Use custom dataset as response source #200

pancak3 · 2025-09-13T11:54:18Z

/resolve #196

Signed-off-by: Qifan Deng <[email protected]>

…o dataset Signed-off-by: Qifan Deng <[email protected]>

Signed-off-by: Qifan Deng <[email protected]>

pancak3 · 2025-09-15T13:06:29Z

Peview with LibreChat with 46e5d1e as backend:

@mayabar @irar2, this PR is big. I refactored a lot while implementing the custom dataset. Please don't hesitate to let me know where to fix or improve.

I also created Hugging Face organization to host the converted dataset. Let me know which accounts should own it. Thanks!
The org is created to host a prepared SQLite dataset file to avoid repeating the dataset conversion. I have written a simple readme there. Please check.

You probably have observed that if the prompt does not hit the dataset, it needs to go through all the keys, which takes some time, thus affecting the desired ttft if configured. However, I passed this ball to another PR. Discussion is needed to decide how to solve this.
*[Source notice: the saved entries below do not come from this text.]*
lemma scaled_power_products_dense:
  fixes p q c r \<epsilon> :: real
  assumes p: "0 < p" "p < 1" and q: "0 < q" "q < 1" and irr: "ln p / ln q \<notin> \<rat>"
    and c: "c > 0" and r: "r > 0" and \<epsilon>: "\<epsilon> > 0"
  shows "eventually (\<lambda>t. \<forall>y\<in>{0<..r}. \<exists>a b :: nat.
                             y - \<epsilon> \<le> t * c * (p^a * q^b) \<and> t * c * (p^a * q^b) \<le> y) at_top"
proof -
  define \<eta> where "\<eta> = \<epsilon> / r"
  have "\<eta> > 0" using \<epsilon> r by (simp add: \<eta>_def)
  have "- ln p > 0" "- ln q > 0" "(- ln p) / (- ln q) \<notin> \<rat>" using p q irr by simp_all
  from irrational_ratio_combinations_dense[OF this \<open>\<eta> > 0\<close>] obtain M where M:
    "\<And>u. u \<ge> M \<Longrightarrow> \<exists>a b :: nat. u \<le> real a * (- ln p) + real b * (- ln q) \<and>
                                  real a * (- ln p) + real b * (- ln q) \<le> u + \<eta>"
    unfolding eventually_at_top_linorder by blast
  show ?thesis unfolding eventually_at_top_linorder
  proof (intro exI[of _ "r * exp M / c"] allI impI ballI)
    fix t y assume t: "t \<ge> r * exp M / c" and "y \<in> {0<..r}"
    then have y: "0 < y" "y \<le> r" by auto
    have "t > 0" using t r c by (smt (verit) divide_pos_pos exp_gt_zero mult_pos_pos)
    have "exp M \<le> t * c / r" using t c r by (simp add: field_simps)
    also have "\<dots> \<le> t * c / y" using \<open>t > 0\<close> c y by (intro divide_left_mono) auto
    finally have "M \<le> ln (t * c / y)" using \<open>t > 0\<close> c y by (simp add: ln_ge_iff)
    then obtain a b :: nat where ab: "ln (t * c / y) \<le> real a * (- ln p) + real b * (- ln q)"
      "real a * (- ln p) + real b * (- ln q) \<le> ln (t * c / y) + \<eta>" using M by blast
    define l where "l = real a * (- ln p) + real b * (- ln q)"
    have pq_exp: "p^a * q^b = exp (- l)"
      using p q by (simp add: l_def exp_add exp_diff exp_of_nat_mult)
    have tcy: "t * c * exp (- ln (t * c / y)) = y" using \<open>t > 0\<close> c y by (simp add: exp_minus)
    have "t * c * exp (- l) \<le> t * c * exp (- ln (t * c / y))"
      using ab(1) \<open>t > 0\<close> c by (simp add: l_def)
    then have "t * c * (p^a * q^b) \<le> y" using tcy by (simp add: pq_exp)
    moreover have "y * exp (- \<eta>) \<le> t * c * (p^a * q^b)"
    proof -
      have "y * exp (- \<eta>) = t * c * exp (- ln (t * c / y) - \<eta>)"
        using tcy by (simp add: exp_diff exp_minus field_simps)
      also have "\<dots> \<le> t * c * exp (- l)" using ab(2) \<open>t > 0\<close> c by (simp add: l_def)
      finally show ?thesis by (simp add: pq_exp)
    qed
    moreover have "y - \<epsilon> \<le> y * exp (- \<eta>)"
    proof -
      have "y * (1 - \<eta>) \<le> y * exp (- \<eta>)"
        using exp_ge_add_one_self[of "- \<eta>"] y by (intro mult_left_mono) auto
      moreover have "y * \<eta> \<le> r * \<eta>" using y \<open>\<eta> > 0\<close> by (intro mult_right_mono) auto
      moreover have "r * \<eta> = \<epsilon>" using r by (simp add: \<eta>_def)
      ultimately show ?thesis by (simp add: algebra_simps)
    qed
    ultimately show "\<exists>a b :: nat. y - \<epsilon> \<le> t * c * (p^a * q^b) \<and> t * c * (p^a * q^b) \<le> y"
      by (intro exI[of _ a] exI[of _ b]) auto
  qed
qed

text \<open>The case \<open>y = 0\<close> is covered by a point near \<open>min \<epsilon> r\<close>.\<close>
lemma scaled_power_products_dense_closed:
  fixes p q c r \<epsilon> :: real
  assumes "0 < p" "p < 1" "0 < q" "q < 1" "ln p / ln q \<notin> \<rat>" "c > 0" "r > 0" "\<epsilon> > 0"
  shows "eventually (\<lambda>t. \<forall>y\<in>{0..r}. \<exists>a b :: nat. 0 \<le> t * c * (p^a * q^b) \<and>
           t * c * (p^a * q^b) \<le> r \<and> \<bar>y - t * c * (p^a * q^b)\<bar> \<le> \<epsilon>) at_top"
  using eventually_conj[OF eventually_gt_at_top[of 0] scaled_power_products_dense[OF assms]]
proof (rule eventually_mono, intro ballI)
  fix t y assume t: "0 < t \<and> (\<forall>y\<in>{0<..r}. \<exists>a b :: nat.
                         y - \<epsilon> \<le> t * c * (p^a * q^b) \<and> t * c * (p^a * q^b) \<le> y)"
    and y: "y \<in> {0..r}"
  define y' where "y' = (if y = 0 then min \<epsilon> r else y)"
  have "y' \<in> {0<..r}" using y assms by (auto simp: y'_def)
  then obtain a b :: nat where "y' - \<epsilon> \<le> t * c * (p^a * q^b)" "t * c * (p^a * q^b) \<le> y'"
    using t by blast
  moreover have "0 \<le> t * c * (p^a * q^b)" using t assms by simp
  ultimately show "\<exists>a b :: nat. 0 \<le> t * c * (p^a * q^b) \<and>
           t * c * (p^a * q^b) \<le> r \<and> \<bar>y - t * c * (p^a * q^b)\<bar> \<le> \<epsilon>"
    using y \<open>y' \<in> {0<..r}\<close> by (intro exI[of _ a] exI[of _ b]) (auto simp: y'_def split: if_splits)
qed

section \<open>The similarity maps and the attractor\<close>

lemma Smap_affine: "Smap p q i x = (if i = 1 \<or> i = 3 then p else q) * x + Smap p q i 0"
  by (simp add: Smap_def)

lemma continuous_on_Smap: "continuous_on S (Smap p q i)"
proof -
  have eq: "Smap p q i = (\<lambda>x. (if i = 1 \<or> i = 3 then p else q) * x + Smap p q i 0)"
    using Smap_affine by blast
  show ?thesis by (subst eq) (intro continuous_intros)
qed

lemma Smap_atLeastAtMost:
  assumes "0 < p" "p < 1" "0 < q" "q < 1" "x \<in> {0..1}"
  shows "Smap p q i x \<in> {0..1}"
proof -
  have "0 \<le> p * x" "p * x \<le> p" "0 \<le> q * x" "q * x \<le> q"
    using assms by (auto intro: mult_left_le_one_le mult_right_le_one_le)
  then show ?thesis unfolding Smap_def using assms by (smt (verit) atLeastAtMost_iff)
qed

lemma Sword_Nil [simp]: "Sword p q [] x = x"
  by (simp add: Sword_def)

lemma Sword_Cons [simp]: "Sword p q (i # w) x = Smap p q i (Sword p q w x)"
  by (simp add: Sword_def)

lemma Sword_atLeastAtMost:
  "0 < p \<Longrightarrow> p < 1 \<Longrightarrow> 0 < q \<Longrightarrow> q < 1 \<Longrightarrow> x \<in> {0..1} \<Longrightarrow> Sword p q w x \<in> {0..1}"
  by (induction w) (auto simp del: atLeastAtMost_iff intro: Smap_atLeastAtMost)

lemma Sword_affine:
  assumes "0 < p" "0 < q"
  shows "\<exists>c. 0 < c \<and> c \<le> max p q ^ length w \<and> (\<forall>x. Sword p q w x = c * x + Sword p q w 0)"
proof (induction w)
  case Nil
  show ?case by (intro exI[of _ 1]) auto
next
  case (Cons i w)
  then obtain c where c: "0 < c" "c \<le> max p q ^ length w" "\<forall>x. Sword p q w x = c * x + Sword p q w 0"
    by blast
  define \<rho> where "\<rho> = (if i = 1 \<or> i = 3 then p else q)"
  have \<rho>: "0 < \<rho>" "\<rho> \<le> max p q" using assms by (auto simp: \<rho>_def)
  have Sx: "Sword p q (i # w) x = \<rho> * (c * x + Sword p q w 0) + Smap p q i 0" for x
    using c(3)[rule_format, of x] by (simp add: Smap_def \<rho>_def)
  have affine: "Sword p q (i # w) x = (\<rho> * c) * x + Sword p q (i # w) 0" for x
    unfolding Sx[of x] Sx[of 0] by (simp add: algebra_simps)
  have slope: "\<rho> * c \<le> max p q ^ length (i # w)"
    unfolding length_Cons power_Suc using \<rho> c(1) by (intro mult_mono[OF \<rho>(2) c(2)]) auto
  show ?case by (intro exI[of _ "\<rho> * c"] conjI allI mult_pos_pos \<rho>(1) c(1) slope affine)
qed
(* For $n\ge4$, any two distinct chambers $\Delta_{\pi}\neq\Delta_{\pi'}$ of $\mathfrak S_n$ intersect (if at all) in a face of dimension at most $(n-3)(n-2)/2-1$; equivalently, for two distinct circular orderings $\pi,\pi'$ of $X$, at most $(n-3)(n-2)/2$ nontrivial splits are circular with respect to both $\pi$ and $\pi'$.
   Context: $X$ is a set of $n\ge4$ labels. A split of $X$ is an unordered partition of $X$ into two nonempty sets; it is trivial if one part is a singleton. A circular ordering of $X$ is a cyclic arrangement $\pi=(x_1,\dots,x_n)$ up to rotation and reflection; a split is circular w.r.t. $\pi$ if it has the form $\{\{x_{i+1},\dots,x_j\},X\setminus\{x_{i+1},\dots,x_j\}\}$ (indices mod $n$). Give $\mathbb R^\delta$, $\delta=2^{n-1}-n-1$, coordinates indexed by nontrivial splits. For each circular ordering $\pi$, the chamber $\Delta_\pi$ is the set of nonnegative vectors with coordinate sum $1$ supported on splits circular w.r.t. $\pi$ (a simplex of dimension $n(n-3)/2-1$), and $\mathfrak S_n=\bigcup_\pi\Delta_\pi$. *)

theory Defs
  imports Main
begin

text \<open>A circular ordering of X is represented by a list enumerating X without repetition;
two lists represent the same circular ordering iff they differ by a rotation and/or reflection.\<close>

definition circular_ordering :: "'a set \<Rightarrow> 'a list \<Rightarrow> bool" where
  "circular_ordering X xs \<longleftrightarrow> distinct xs \<and> set xs = X"

definition same_circular_ordering :: "'a list \<Rightarrow> 'a list \<Rightarrow> bool" where
  "same_circular_ordering xs ys \<longleftrightarrow> (\<exists>r. ys = rotate r xs \<or> ys = rotate r (rev xs))"

definition split_of :: "'a set \<Rightarrow> 'a set set \<Rightarrow> bool" where
  "split_of X S \<longleftrightarrow> (\<exists>A. A \<subseteq> X \<and> A \<noteq> {} \<and> A \<noteq> X \<and> S = {A, X - A})"

definition nontrivial_split :: "'a set \<Rightarrow> 'a set set \<Rightarrow> bool" where
  "nontrivial_split X S \<longleftrightarrow>
     split_of X S \<and> (\<forall>A\<in>S. card A \<ge> 2)"

text \<open>A split is circular w.r.t. the ordering xs if one part is a cyclic interval
 {x_(i+1),...,x_j}, i.e. a proper nonempty prefix of some rotation of xs.\<close>

definition circular_split :: "'a list \<Rightarrow> 'a set set \<Rightarrow> bool" where
  "circular_split xs S \<longleftrightarrow>
     (\<exists>r l. 0 < l \<and> l < length xs \<and>
        S = {set (take l (rotate r xs)), set xs - set (take l (rotate r xs))})"

end

theory Submission
  imports Defs
begin

text \<open>Since p and q are different circular orderings, some two neighbours a, x of p are not
neighbours in q: otherwise walking along p is also a walk along q, and it recovers q up to rotation
and reflection. Rotate p to a list c = [x, ..., a] of length n. Every nontrivial split that is
circular for c has a part avoiding a, a segment c_i ... c_(j-1) with i + 2 <= j <= n - 1, and there
are (n - 3)(n - 2)/2 such segments with i >= 1. Each segment c_0 ... c_(j-1) that is also an arc of
q is charged injectively to a segment with i >= 1 that is not an arc of q: to c_(j-1) ... c_(n-2) if
that is not an arc of q, and otherwise to c_1 ... c_(j-1), for if all three sets were arcs of q
then x and a would be neighbours in q.\<close>

section \<open>Arcs of a circular ordering\<close>

definition cyclic_offset :: "nat \<Rightarrow> nat \<Rightarrow> nat \<Rightarrow> nat" where
  "cyclic_offset n r w = (if r \<le> w then w - r else w + n - r)"

definition arc :: "'a list \<Rightarrow> nat \<Rightarrow> nat \<Rightarrow> 'a set" where
  "arc xs r l = {xs ! w | w. w < length xs \<and> cyclic_offset (length xs) r w < l}"

definition is_arc :: "'a list \<Rightarrow> 'a set \<Rightarrow> bool" where
  "is_arc xs A \<longleftrightarrow> (\<exists>r l. r < length xs \<and> 0 < l \<and> l < length xs \<and> A = arc xs r l)"

lemma nth_mem_arc_iff:
  assumes "distinct xs" "w < length xs"
  shows "xs ! w \<in> arc xs r l \<longleftrightarrow> cyclic_offset (length xs) r w < l"
  using assms by (auto simp: arc_def nth_eq_iff_index_eq)

lemma arc_subset: "arc xs r l \<subseteq> set xs"
  by (auto simp: arc_def)

lemma is_arc_subset: "is_arc xs A \<Longrightarrow> A \<subseteq> set xs"
  unfolding is_arc_def by (elim exE conjE) (simp add: arc_subset)

lemma add_mod_eq_if:
  assumes "r < n" "t < (n::nat)"
  shows "(r + t) mod n = (if r + t < n then r + t else r + t - n)"
  using assms by (simp add: mod_if)

lemma set_take_rotate_eq_arc:
  assumes "r < length xs" "l \<le> length xs"
  shows "set (take l (rotate r xs)) = arc xs r l"
proof -
  let ?n = "length xs"
  have "y \<in> set (take l (rotate r xs)) \<longleftrightarrow> (\<exists>t<l. y = xs ! ((r + t) mod ?n))" for y
    using assms by (auto simp: in_set_conv_nth nth_rotate)
  moreover have "(\<exists>t<l. y = xs ! ((r + t) mod ?n)) \<longleftrightarrow> y \<in> arc xs r l" for y
  proof
    assume "\<exists>t<l. y = xs ! ((r + t) mod ?n)"
    then obtain t where "t < l" "y = xs ! ((r + t) mod ?n)" by blast
    moreover have "(r + t) mod ?n < ?n" "cyclic_offset ?n r ((r + t) mod ?n) = t"
      using assms \<open>t < l\<close> by (auto simp: add_mod_eq_if cyclic_offset_def)
    ultimately show "y \<in> arc xs r l" unfolding arc_def by auto
  next
    assume "y \<in> arc xs r l"
    then obtain w where w: "w < ?n" "cyclic_offset ?n r w < l" "y = xs ! w"
      unfolding arc_def by blast
    have "(r + cyclic_offset ?n r w) mod ?n = w"
      using w assms by (auto simp: cyclic_offset_def add_mod_eq_if)
    with w show "\<exists>t<l. y = xs ! ((r + t) mod ?n)" by auto
  qed
  ultimately show ?thesis by blast
qed

lemma card_arc:
  assumes "distinct xs" "r < length xs" "l \<le> length xs"
  shows "card (arc xs r l) = l"
proof -
  have "card (set (take l (rotate r xs))) = l"
    using assms by (simp add: distinct_card)
  then show ?thesis using set_take_rotate_eq_arc[OF assms(2,3)] by simp
qed

lemma circular_split_iff_is_arc:
  assumes "xs \<noteq> []"
  shows "circular_split xs S \<longleftrightarrow> (\<exists>A. is_arc xs A \<and> S = {A, set xs - A})"
proof
  assume "circular_split xs S"
  then obtain r l where rl: "0 < l" "l < length xs"
    "S = {set (take l (rotate r xs)), set xs - set (take l (rotate r xs))}"
    unfolding circular_split_def by blast
  have "set (take l (rotate r xs)) = arc xs (r mod length xs) l"
    using rl assms set_take_rotate_eq_arc[of "r mod length xs" xs l]
    by (simp flip: rotate_conv_mod)
  moreover have "r mod length xs < length xs" using assms by simp
  ultimately show "\<exists>A. is_arc xs A \<and> S = {A, set xs - A}"
    using rl unfolding is_arc_def by blast
next
  assume "\<exists>A. is_arc xs A \<and> S = {A, set xs - A}"
  then show "circular_split xs S"
    unfolding is_arc_def circular_split_def by (metis less_imp_le set_take_rotate_eq_arc)
qed

lemma cyclic_offset_complement:
  assumes "r < n" "l < n" "w < n"
  shows "\<not> cyclic_offset n r w < l \<longleftrightarrow> cyclic_offset n ((r + l) mod n) w < n - l"
  using assms by (auto simp: cyclic_offset_def add_mod_eq_if)

lemma arc_complement:
  assumes "distinct xs" "r < length xs" "l < length xs"
  shows "set xs - arc xs r l = arc xs ((r + l) mod length xs) (length xs - l)"
proof (intro set_eqI iffI)
  fix y assume "y \<in> set xs - arc xs r l"
  then obtain w where "w < length xs" "y = xs ! w" "y \<notin> arc xs r l"
    by (auto simp: in_set_conv_nth)
  then show "y \<in> arc xs ((r + l) mod length xs) (length xs - l)"
    using assms cyclic_offset_complement[of r "length xs" l w] by (simp add: nth_mem_arc_iff)
next
  fix y assume y: "y \<in> arc xs ((r + l) mod length xs) (length xs - l)"
  then obtain w where "w < length xs" "y = xs ! w"
    unfolding arc_def by blast
  with y show "y \<in> set xs - arc xs r l"
    using assms cyclic_offset_complement[of r "length xs" l w] by (simp add: nth_mem_arc_iff)
qed

lemma is_arc_complement:
  assumes "distinct xs" "is_arc xs A"
  shows "is_arc xs (set xs - A)"
proof -
  obtain r l where rl: "r < length xs" "0 < l" "l < length xs" "A = arc xs r l"
    using assms unfolding is_arc_def by blast
  have "set xs - A = arc xs ((r + l) mod length xs) (length xs - l)"
    using arc_complement[OF assms(1) rl(1,3)] rl(4) by simp
  moreover have "(r + l) mod length xs < length xs"
    using rl(1) by (intro mod_less_divisor) linarith
  moreover have "0 < length xs - l" "length xs - l < length xs"
    using rl by auto
  ultimately show ?thesis unfolding is_arc_def by (intro exI conjI) assumption+
qed

lemma is_arc_if_mem_circular_split:
  assumes "distinct xs" "circular_split xs S" "A \<in> S"
  shows "is_arc xs A"
proof -
  have "xs \<noteq> []" using assms(2) unfolding circular_split_def by (elim exE conjE) auto
  then have "\<exists>B. is_arc xs B \<and> S = {B, set xs - B}"
    using assms(2) by (simp flip: circular_split_iff_is_arc)
  then obtain B where B: "is_arc xs B" "S = {B, set xs - B}" by (elim exE conjE)
  then have "A = B \<or> A = set xs - B" using assms(3) by simp
  then show ?thesis using B(1) is_arc_complement[OF assms(1) B(1)] by (elim disjE) simp_all
qed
My initial thoughts are creating a goroutine with the desired ttft as a timeout. If time is out, return random text instead. However, users who go with custom datasets may think this lookup time is minor. It is complicated : )

Signed-off-by: Qifan Deng <[email protected]>

mayabar · 2025-09-16T10:22:25Z

I also created Hugging Face organization to host the converted dataset. Let me know which accounts should own it. Thanks!
The org is created to host a prepared SQLite dataset file to avoid repeating the dataset conversion. I have written a simple readme there. Please check.

Passed the question forward, I'll keep you updated

Signed-off-by: Qifan Deng <[email protected]>

mayabar · 2025-09-16T11:32:26Z

Hi Qifan,
We briefly went over this PR and have some concerns about the custom dataset implementation. To make sure we understood the concept correctly, could you explain in a couple of sentences the main idea behind how a generated text is selected.
Additionally, do you have some utility for converting the HF dataset into the format you are using? And why not simply store it in a text file and load it into a map in a memory?

pancak3 · 2025-09-16T12:10:59Z

Hi Qifan, We briefly went over this PR and have some concerns about the custom dataset implementation. To make sure we understood the concept correctly, could you explain in a couple of sentences the main idea behind how a generated text is selected. Additionally, do you have some utility for converting the HF dataset into the format you are using? And why not simply store it in a text file and load it into a map in a memory?

@mayabar
Hi Maya,

Yes I expected concerns. Perhaps I should have discussed this before the implementation.

For a request, a hash is generated, full messages for chat and whatever prompt for text completion. The hash is used to lookup responses. If no response found, or number of tokens is greater than max tokens, the desired number of tokens will be used to lookup responses. The “desired number of tokens” is generated using existing code.

If there are responses found in dataset, randomly select one from them. Otherwise, randomly generate using existing implementation.

And why not simply store it in a text file and load it into a map in a memory?

The main purpose of using a prepared dataset is for performance, with some other considerations.

Reduce load time and avoid repeating of computation. Using hash to lookup responses requires all the conversations have hashes. If hashes are generated when llmd-sim starts, it takes linear time. The computation will also be repeated every time starting on every instances. This seems not eco to me.
Considerations for memory capacity. Loading all dataset to consume memory of the host machine, thus may make llmd-sim heavy. Relatively, disk is easier to obtain. Especially for users who work with giant datasets. But this is a trade off; memory is faster.
Others, decoupling the functionality for the datasets preparation. There are different datasets when they have very different structures. Splitting the converting in another place seems better for repo management, to me.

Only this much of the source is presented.